I really liked the footing setup I used for Ski-bike 1.0 because it provided the familiar feeling of using standard bicycle cranks and pedals and allowed me to change the position of my feet depending on the situation. There were a few drawbacks to this setup though. Without the resistance from the chain and rear wheel, the cranks spun freely, which as a cyclist, I wasn't used to. Another drawback was that the drive side crank arm still contained chain rings. During a crash, the teeth of the chain rings could potentially injure a rider.
Step 6: Ski Rotation Control
Unlike a bicycle wheel that's ready to contact the ground anywhere in its rotation, it's imperative to always keep the skis on a ski-bike with the bottom sides down. Ski-bike 1.0 had no system in place to keep the skis from over rotating in either direction. This potential problem was controlled by limiting Ski-bike 1.0's use to stable snow conditions and no large jumps.
One key attribute of these two systems is that they both can easily be disengaged when needed, such as during transportation.
Step 8: Conclusion
Here is a quick summary of each improvement made to build Ski-bike 2.0 and the resulting performance increase:
- Building mounting brackets out of steel = noticeable increase in rigidity and ability to fasten to ski via screw holes
- Using twin tipped ski blades = allowed sliding backwards and the use of the screw holes for secure fastening to mounting brackets
- Increasing fork travel reduced the head tube angle = more confident steering and control when pointed downhill
- Using short unicycle crank arms = increased ground clearance, no chain rings to worry about, and minimized feeling of no resistance
- Creating a bungee and torsion spring rotation control = prevented front and rear skis from nose diving while airborne
Ski-bike 2.0是一个重大的成功。它实现了y performance goal that I set and more importantly, it was an absolute thrill to ride. While I will ride Ski-bike 2.0 as is for a while, I can't help but contemplate ideas for Ski-bike 3.0. Be on the look out. But until then, check out the video highlights ofSki-bike 2.0 in action!
First Prize in the
Guerilla Design Contest
1 year ago on介绍
Reply 3 years ago
I don't think there's a real risk of hitting the bottom bracket. Even with the axles lowered, the suspension on most mountain bikes doesn't have enough travel for the bottom bracket to drop low enough to hit the ground. Another aspect is that I'm only using this on ski hills with snow-pack and there aren't any rocks or log hazards like you might find mountain biking. You should give it shot!
5 years ago
How long are the skis that you used? And what bike frame did you use?
How would you take this on a ski lift?
Seems like it would be a blast to ride.
5 years ago
Version 3.0 should offer brakes on the handlebar like a regular bike, not for stopping the bike, just slowing it down. But great job, had a lot of improvements from 1.0
6 years ago
Nice but I don't see the use for the pedals. Anyway got my vote hope you win!

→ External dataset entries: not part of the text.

(* If $(S,K,I)$ is a split graph, then the factor graph $\Phi(S)$ cannot contain an induced path $v_1v_2v_3v_4$ with $\sigma_{23}=1$.
   Context: A split graph $(S,K,I)$ is a graph $S$ together with a fixed partition $V(S)=K\dot\cup I$, where $K$ is a clique and $I$ is an independent set. For a vertex $v_i$ of $S$, $N_i$ denotes its open neighborhood in $S$ and $d_i=|N_i|$; $\eta_{uv}=|N_u\cap N_v|$. The factor graph $\Phi(S)$ is the loopless multigraph with vertex set $I$ in which, for distinct $u,v\in I$, there is one edge joining $u$ and $v$ for each 2-switch of $S$ acting on $u$ and $v$ (a 2-switch replaces edges $ab,cd$ with $ac,bd$ when $ab,cd\in E(S)$ and $ac,bd\notin E(S)$); equivalently, the multiplicity of $uv$ is $\sigma_{uv}=(d_u-\eta_{uv})(d_v-\eta_{uv})$, and $u,v$ are adjacent iff $\sigma_{uv}>0$; $\sigma_{ij}$ denotes $\sigma_{v_iv_j}$. An induced path in $\Phi(S)$ consists of distinct vertices with consecutive ones adjacent and no other pair adjacent (multiplicities ignored). *)

theory Defs
  imports Main
begin

definition simple_graph :: "'a set \<Rightarrow> ('a \<Rightarrow> 'a \<Rightarrow> bool) \<Rightarrow> bool" where
  "simple_graph V E \<longleftrightarrow> finite V \<and> (\<forall>u v. E u v \<longrightarrow> u \<in> V \<and> v \<in> V)
     \<and> (\<forall>u v. E u v \<longrightarrow> E v u) \<and> (\<forall>v. \<not> E v v)"

definition split_graph :: "'a set \<Rightarrow> ('a \<Rightarrow> 'a \<Rightarrow> bool) \<Rightarrow> 'a set \<Rightarrow> 'a set \<Rightarrow> bool" where
  "split_graph V E K I \<longleftrightarrow> simple_graph V E \<and> K \<union> I = V \<and> K \<inter> I = {}
     \<and> (\<forall>u\<in>K. \<forall>v\<in>K. u \<noteq> v \<longrightarrow> E u v)
     \<and> (\<forall>u\<in>I. \<forall>v\<in>I. \<not> E u v)"

definition nbhd :: "'a set \<Rightarrow> ('a \<Rightarrow> 'a \<Rightarrow> bool) \<Rightarrow> 'a \<Rightarrow> 'a set" where
  "nbhd V E v = {u \<in> V. E v u}"

definition deg :: "'a set \<Rightarrow> ('a \<Rightarrow> 'a \<Rightarrow> bool) \<Rightarrow> 'a \<Rightarrow> nat" where
  "deg V E v = card (nbhd V E v)"

definition eta :: "'a set \<Rightarrow> ('a \<Rightarrow> 'a \<Rightarrow> bool) \<Rightarrow> 'a \<Rightarrow> 'a \<Rightarrow> nat" where
  "eta V E u v = card (nbhd V E u \<inter> nbhd V E v)"

definition sigma :: "'a set \<Rightarrow> ('a \<Rightarrow> 'a \<Rightarrow> bool) \<Rightarrow> 'a \<Rightarrow> 'a \<Rightarrow> nat" where
  "sigma V E u v = (deg V E u - eta V E u v) * (deg V E v - eta V E u v)"

text \<open>Adjacency in the factor graph Phi(S) (vertex set I, multiplicities ignored).\<close>
definition factor_adj :: "'a set \<Rightarrow> ('a \<Rightarrow> 'a \<Rightarrow> bool) \<Rightarrow> 'a set \<Rightarrow> 'a \<Rightarrow> 'a \<Rightarrow> bool" where
  "factor_adj V E I u v \<longleftrightarrow> u \<in> I \<and> v \<in> I \<and> u \<noteq> v \<and> sigma V E u v > 0"

definition factor_induced_P4 ::
  "'a set \<Rightarrow> ('a \<Rightarrow> 'a \<Rightarrow> bool) \<Rightarrow> 'a set \<Rightarrow> 'a \<Rightarrow> 'a \<Rightarrow> 'a \<Rightarrow> 'a \<Rightarrow> bool" where
  "factor_induced_P4 V E I v1 v2 v3 v4 \<longleftrightarrow>
     v1 \<in> I \<and> v2 \<in> I \<and> v3 \<in> I \<and> v4 \<in> I \<and> distinct [v1, v2, v3, v4]
     \<and> factor_adj V E I v1 v2 \<and> factor_adj V E I v2 v3 \<and> factor_adj V E I v3 v4
     \<and> \<not> factor_adj V E I v1 v3 \<and> \<not> factor_adj V E I v1 v4 \<and> \<not> factor_adj V E I v2 v4"

end

theory Submission
  imports Defs
begin

text \<open>Since \<open>\<sigma>\<^sub>u\<^sub>v = |N\<^sub>u - N\<^sub>v| \<cdot> |N\<^sub>v - N\<^sub>u|\<close>, two vertices are non-adjacent in the factor
  graph exactly when their neighbourhoods are comparable under inclusion, and \<open>\<sigma>\<^sub>2\<^sub>3 = 1\<close>
  says that \<open>N\<^sub>3\<close> arises from \<open>N\<^sub>2\<close> by swapping one vertex \<open>a\<close> for another vertex \<open>b\<close>.
  A set comparable with \<open>N\<^sub>3\<close> but not with \<open>N\<^sub>2\<close> then either lies below \<open>N\<^sub>3\<close> and contains \<open>b\<close>,
  or lies above \<open>N\<^sub>3\<close> and misses \<open>a\<close>; symmetrically for \<open>N\<^sub>4\<close> and \<open>N\<^sub>2\<close>. In each of the
  four resulting cases \<open>N\<^sub>1\<close> and \<open>N\<^sub>4\<close> are incomparable, contradicting that \<open>v\<^sub>1 v\<^sub>4\<close> is a
  non-edge.\<close>

lemma comparable_with_one_side_of_swap:
  assumes swap: "A - B = {a}" "B - A = {b}"
    and "\<not> C \<subseteq> A" "\<not> A \<subseteq> C" "C \<subseteq> B \<or> B \<subseteq> C"
  shows "(C \<subseteq> B \<and> b \<in> C) \<or> (B \<subseteq> C \<and> a \<notin> C)"
  using \<open>C \<subseteq> B \<or> B \<subseteq> C\<close>
proof
  assume "C \<subseteq> B"
  with \<open>\<not> C \<subseteq> A\<close> have "C \<inter> (B - A) \<noteq> {}"
    by blast
  with \<open>C \<subseteq> B\<close> show ?thesis
    using swap(2) by simp
next
  assume "B \<subseteq> C"
  moreover have "A \<subseteq> B \<union> {a}"
    using swap(1) by blast
  ultimately show ?thesis
    using \<open>\<not> A \<subseteq> C\<close> by blast
qed

lemma no_induced_P4_of_comparability_with_swap:
  fixes N1 N2 N3 N4 :: "'a set"
  assumes swap: "N2 - N3 = {a}" "N3 - N2 = {b}"
    and incomparable: "\<not> N1 \<subseteq> N2" "\<not> N2 \<subseteq> N1" "\<not> N3 \<subseteq> N4" "\<not> N4 \<subseteq> N3"
    and comparable: "N1 \<subseteq> N3 \<or> N3 \<subseteq> N1" "N1 \<subseteq> N4 \<or> N4 \<subseteq> N1" "N2 \<subseteq> N4 \<or> N4 \<subseteq> N2"
  shows False
proof -
  have N1: "(N1 \<subseteq> N3 \<and> b \<in> N1) \<or> (N3 \<subseteq> N1 \<and> a \<notin> N1)"
    using comparable_with_one_side_of_swap[OF swap] incomparable(1,2) comparable(1) .
  have N4: "(N4 \<subseteq> N2 \<and> a \<in> N4) \<or> (N2 \<subseteq> N4 \<and> b \<notin> N4)"
    using comparable_with_one_side_of_swap[OF swap(2,1)] incomparable(4,3) comparable(3)
    by blast
  have "a \<in> N2" "a \<notin> N3" "b \<in> N3" "b \<notin> N2"
    using swap by blast+
  with N1 N4 comparable(2) show False
    by blast
qed

lemma sigma_eq_card_Diff:
  assumes "finite V"
  shows "sigma V E u v = card (nbhd V E u - nbhd V E v) * card (nbhd V E v - nbhd V E u)"
proof -
  have card_Diff: "card (nbhd V E x - nbhd V E y) = deg V E x - eta V E x y" for x y
  proof -
    have "finite (nbhd V E x \<inter> nbhd V E y)"
      using assms by (simp add: nbhd_def)
    then show ?thesis
      unfolding deg_def eta_def by (rule card_Diff_subset_Int)
  qed
  have "eta V E v u = eta V E u v"
    by (simp add: eta_def Int_commute)
  then show ?thesis
    by (simp add: sigma_def card_Diff)
qed

lemma sigma_pos_iff_incomparable:
  assumes "finite V"
  shows "sigma V E u v > 0 \<longleftrightarrow> \<not> nbhd V E u \<subseteq> nbhd V E v \<and> \<not> nbhd V E v \<subseteq> nbhd V E u"
proof -
  have "finite (nbhd V E x)" for x
    using assms by (simp add: nbhd_def)
  then show ?thesis
    using assms by (simp add: sigma_eq_card_Diff card_gt_0_iff)
qed

lemma sigma_eq_1_singleton_Diff:
  assumes "finite V" "sigma V E u v = 1"
  obtains a b where "nbhd V E u - nbhd V E v = {a}" "nbhd V E v - nbhd V E u = {b}"
  using assms by (auto simp: sigma_eq_card_Diff card_1_singleton_iff)

lemma no_factor_induced_P4_with_sigma_1:
  assumes "finite V" and P4: "factor_induced_P4 V E I v1 v2 v3 v4"
  shows "sigma V E v2 v3 \<noteq> 1"
proof
  assume "sigma V E v2 v3 = 1"
  with \<open>finite V\<close> obtain a b
    where swap: "nbhd V E v2 - nbhd V E v3 = {a}" "nbhd V E v3 - nbhd V E v2 = {b}"
    by (rule sigma_eq_1_singleton_Diff)
  from P4 have "sigma V E v1 v2 > 0" "sigma V E v3 v4 > 0"
    and "\<not> sigma V E v1 v3 > 0" "\<not> sigma V E v1 v4 > 0" "\<not> sigma V E v2 v4 > 0"
    by (auto simp: factor_induced_P4_def factor_adj_def)
  then show False
    using no_induced_P4_of_comparability_with_swap[OF swap, of "nbhd V E v1" "nbhd V E v4"]
    by (simp add: sigma_pos_iff_incomparable[OF \<open>finite V\<close>])
qed

theorem theorem4p1:
  fixes V K I :: "'a set" and E :: "'a \<Rightarrow> 'a \<Rightarrow> bool"
  assumes "split_graph V E K I"
  shows "\<not> (\<exists>v1 v2 v3 v4. factor_induced_P4 V E I v1 v2 v3 v4 \<and> sigma V E v2 v3 = 1)"
proof -
  have "finite V"
    using assms by (simp add: split_graph_def simple_graph_def)
  then show ?thesis
    by (auto dest: no_factor_induced_P4_with_sigma_1)
qed

end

Just wondering how much of a hassle ski areas give you to bring this on the slope. Around here I am guessing they wouldn't allow it.
I would strongly advise calling ahead and asking if the hill allows ski-bikes. I found a hill in my area that allows ski-bikes through theAmerican Ski-bike Association网站，并没有麻烦。即使是驾驶架运营商也认为滑雪自行车很酷！
5 years ago
Very nice design! To me however, it looks like a great way to break my neck.
Hmmmm I'm thinking for my skill level something along the lines of a 3 ski would work for me. Low to the ground like the old school big wheels. I think you did an excellent job!